STAMP and Systems-Theoretic Analysis
Safety as a control problem — and what that means for how you design, analyze, and investigate
Learning Objectives
By the end of this module you will be able to:
- Explain STAMP's central claim that accidents are failures of control, not failures of components.
- Define safety constraints and trace how their violation leads to accidents in the STAMP framework.
- Identify the four types of inadequate control and map them onto software engineering scenarios.
- Apply STPA to identify unsafe control actions in a simplified system design.
- Distinguish CAST from root cause analysis and explain when each approach is appropriate.
Core Concepts
The paradigm shift: from failure prevention to control
Traditional safety engineering asks: what component failed? STAMP asks a different question: what control failed to enforce a safety constraint?
Nancy Leveson's STAMP model reconceptualizes safety as an emergent property of a system — not a property of any individual component. A system is safe when its control structures successfully enforce the constraints that keep the system within safe operating boundaries. When those control structures break down, accidents become possible regardless of whether any individual component has technically "failed."
This is a genuine paradigm shift. A software component can execute correctly, return the right value, and still cause a hazardous state — because it issued a control action at the wrong time, in the wrong context, or with an incorrect model of the system it was controlling. STAMP accounts for this. Traditional failure analysis largely does not.
Software rarely causes accidents by crashing or returning wrong values. It causes accidents by issuing plausible-looking control commands that happen to be unsafe given the system's actual state. STAMP is designed to surface exactly this class of hazard.
Safety constraints
The most fundamental concept in STAMP is the safety constraint — a relationship between system variables that must be maintained to prevent a hazardous state. Constraints define what the system must not do (or must always do) to remain safe.
Accidents in the STAMP model occur when these constraints are violated. The cause is not a broken part — it is inadequate control at one or more levels of the system that fails to enforce the constraint. This means the analyst's job is not to find the failed component but to ask: which constraint was violated, and why did the control structure fail to enforce it?
Hierarchical control structures
STAMP represents systems as hierarchical control structures, where each level imposes constraints on the level below it. Each level contains:
- Control actions — commands sent downward to enforce constraints on the controlled process.
- Feedback mechanisms — information flowing upward about the current state of the controlled process.
- Process models — the controller's internal representation of what the controlled process is doing.
Safety violations occur when any level becomes ineffective at enforcing its constraints on the level below. This means failures are not just operational events — they can originate at management, regulatory, design, or organizational levels that are far removed from the proximate technical event.
Control loops and process models
Each controller in the hierarchy maintains a process model — an internal representation of the state of the process it is controlling. Control actions are issued based on this model.

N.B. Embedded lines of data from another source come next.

lemma encode_types_subset_Asc:
  assumes "canonical_creation n p t"
  shows "encode_types n t \<subseteq> Asc n p"
proof
  fix j assume j: "j \<in> encode_types n t"
  then have "1 \<le> j" "j < n" "t j = t (Suc j)"
    using assms unfolding encode_types_def canonical_creation_def
    by (auto simp: numeral_2_eq_2 split: if_splits)
  with assms show "j \<in> Asc n p"
    unfolding canonical_creation_def Asc_def by auto
qed

lemma canonical_creation_decode_types:
  assumes "(p, A) \<in> P n"
  shows "canonical_creation n p (decode_types A)"
  unfolding canonical_creation_def
proof (intro conjI allI impI)
  fix i assume i: "1 \<le> i \<and> i < n \<and> decode_types A i = decode_types A (Suc i)"
  show "p i < p (Suc i)"
  proof (cases "i = 1")
    case True
    with assms show ?thesis
      unfolding P_def S_plus_def by (simp add: numeral_2_eq_2)
  next
    case False
    with i have "i \<in> A"
      using decode_types_Suc_eq_iff[of i A] by (simp del: decode_types.simps)
    with assms show ?thesis
      unfolding P_def Asc_def by auto
  qed
qed simp

definition threshold_graph_of :: "nat \<Rightarrow> (nat \<Rightarrow> nat) \<times> nat set \<Rightarrow> nat set set" where
  "threshold_graph_of n = (\<lambda>(p, A). creation_graph n p (decode_types A))"

lemma inj_on_threshold_graph_of: "inj_on (threshold_graph_of n) (P n)"
proof (rule inj_onI, clarify)
  fix p A q B
  assume pA: "(p, A) \<in> P n" and qB: "(q, B) \<in> P n"
    and eq: "threshold_graph_of n (p, A) = threshold_graph_of n (q, B)"
  have perm: "p permutes {1..n}" "q permutes {1..n}"
    using pA qB unfolding P_def S_plus_def by auto
  have "creation_graph n p (decode_types A) = creation_graph n q (decode_types B)"
    using eq unfolding threshold_graph_of_def by simp
  moreover have "p ` {1..n} = q ` {1..n}"
    by (simp only: permutes_image[OF perm(1)] permutes_image[OF perm(2)])
  ultimately have same_perm: "\<forall>i\<in>{1..n}. p i = q i"
    and same_types: "\<forall>i\<in>{2..n}. decode_types A i = decode_types B i"
    using canonical_creation_unique[OF permutes_inj_on[OF perm(1)] permutes_inj_on[OF perm(2)] _
        canonical_creation_decode_types[OF pA] canonical_creation_decode_types[OF qB]]
    by blast+
  have "p = q"
  proof
    fix i
    show "p i = q i"
      using same_perm permutes_not_in[OF perm(1)] permutes_not_in[OF perm(2)]
      by (cases "i \<in> {1..n}") auto
  qed
  moreover have "encode_types n (decode_types A) = encode_types n (decode_types B)"
    using same_types by (intro encode_types_cong) simp
  moreover have "A \<subseteq> {1..n - 1}" "B \<subseteq> {1..n - 1}"
    using pA qB unfolding P_def Asc_def by auto
  ultimately show "p = q \<and> A = B"
    by (simp add: encode_decode_types)
qed

lemma threshold_graph_of_image:
  assumes "2 \<le> n"
  shows "threshold_graph_of n ` P n = T n"
proof
  show "threshold_graph_of n ` P n \<subseteq> T n"
  proof clarify
    fix p A assume "(p, A) \<in> P n"
    then have p: "p permutes {1..n}"
      unfolding P_def S_plus_def by simp
    have "threshold_graph (p ` {1..n}) (creation_graph n p (decode_types A))"
      by (rule threshold_graph_creation_graph) (rule permutes_inj_on[OF p])
    then show "threshold_graph_of n (p, A) \<in> T n"
      unfolding threshold_graph_of_def T_def permutes_image[OF p] by simp
  qed
next
  show "T n \<subseteq> threshold_graph_of n ` P n"
  proof
    fix E assume "E \<in> T n"
    then obtain p t where p: "p permutes {1..n}" "canonical_creation n p t"
      and E: "E = creation_graph n p t"
      using threshold_graph_canonical_creation unfolding T_def by blast
    let ?A = "encode_types n t"
    have "p 1 < p 2"
      using p(2) assms unfolding canonical_creation_def by (simp add: numeral_2_eq_2)
    with p have "(p, ?A) \<in> P n"
      using encode_types_subset_Asc unfolding P_def S_plus_def by blast
    moreover have "threshold_graph_of n (p, ?A) = E"
      unfolding threshold_graph_of_def E
      by (simp, rule creation_graph_cong) (simp_all add: decode_encode_types)
    ultimately show "E \<in> threshold_graph_of n ` P n"
      by (metis image_eqI)
  qed
qed

theorem proposition5:
  fixes n :: nat
  assumes "n \<ge> 2"
  shows "\<exists>f. bij_betw f (T n) (P n)"
proof -
  have "bij_betw (threshold_graph_of n) (P n) (T n)"
    using inj_on_threshold_graph_of threshold_graph_of_image[OF assms] by (simp add: bij_betw_def)
  then show ?thesis
    using bij_betw_the_inv_into by blast
qed

end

Feedback updates the model.
Safety failures arise when:
- Control actions are inadequate (the controller does something wrong).
- Feedback is inadequate (the controller doesn't learn that something has gone wrong).
- The process model is inaccurate (the controller has a wrong mental model and issues actions based on false beliefs about system state).
This third failure mode is particularly important for software. An automated controller can have a perfectly correct algorithm but operate on stale sensor data, a race condition, or an out-of-sync state — and its control actions will be wrong because its internal model of the world is wrong.
The four types of inadequate control
STAMP identifies four primary factors that cause inadequate control at each level of the hierarchy:
| # | Factor | Description |
|---|---|---|
| 1 | Missing or incomplete constraints | The system was designed without the necessary safety constraints in place. No controller exists for a hazardous state because the hazard was never anticipated. |
| 2 | Inadequate control commands | A controller exists and knows about the constraint, but issues a command that fails to enforce it — wrong timing, wrong value, wrong target. |
| 3 | Commands incorrectly executed | The control command was correct, but the lower-level process failed to execute it as intended — miscommunication, incompatibility, or actuator failure. |
| 4 | Inadequate feedback or information | The controller cannot tell whether its commands are being enforced because the feedback loop is broken, delayed, or misleading. |
These four categories apply at every level of the hierarchy — organizational, managerial, design, and operational. An accident is typically the result of multiple contributing factors distributed across several levels.
Step-by-Step Procedure: Applying STPA
STPA (System-Theoretic Process Analysis) is the proactive hazard analysis method built on STAMP. You apply it during design or development to identify unsafe control actions before an accident occurs. Here are the four steps:
Step 1: Define the purpose of the analysis
Specify the losses you are trying to prevent (e.g., harm to users, data corruption, system unavailability) and the system-level hazards — system states or conditions that could lead to those losses under certain environmental conditions.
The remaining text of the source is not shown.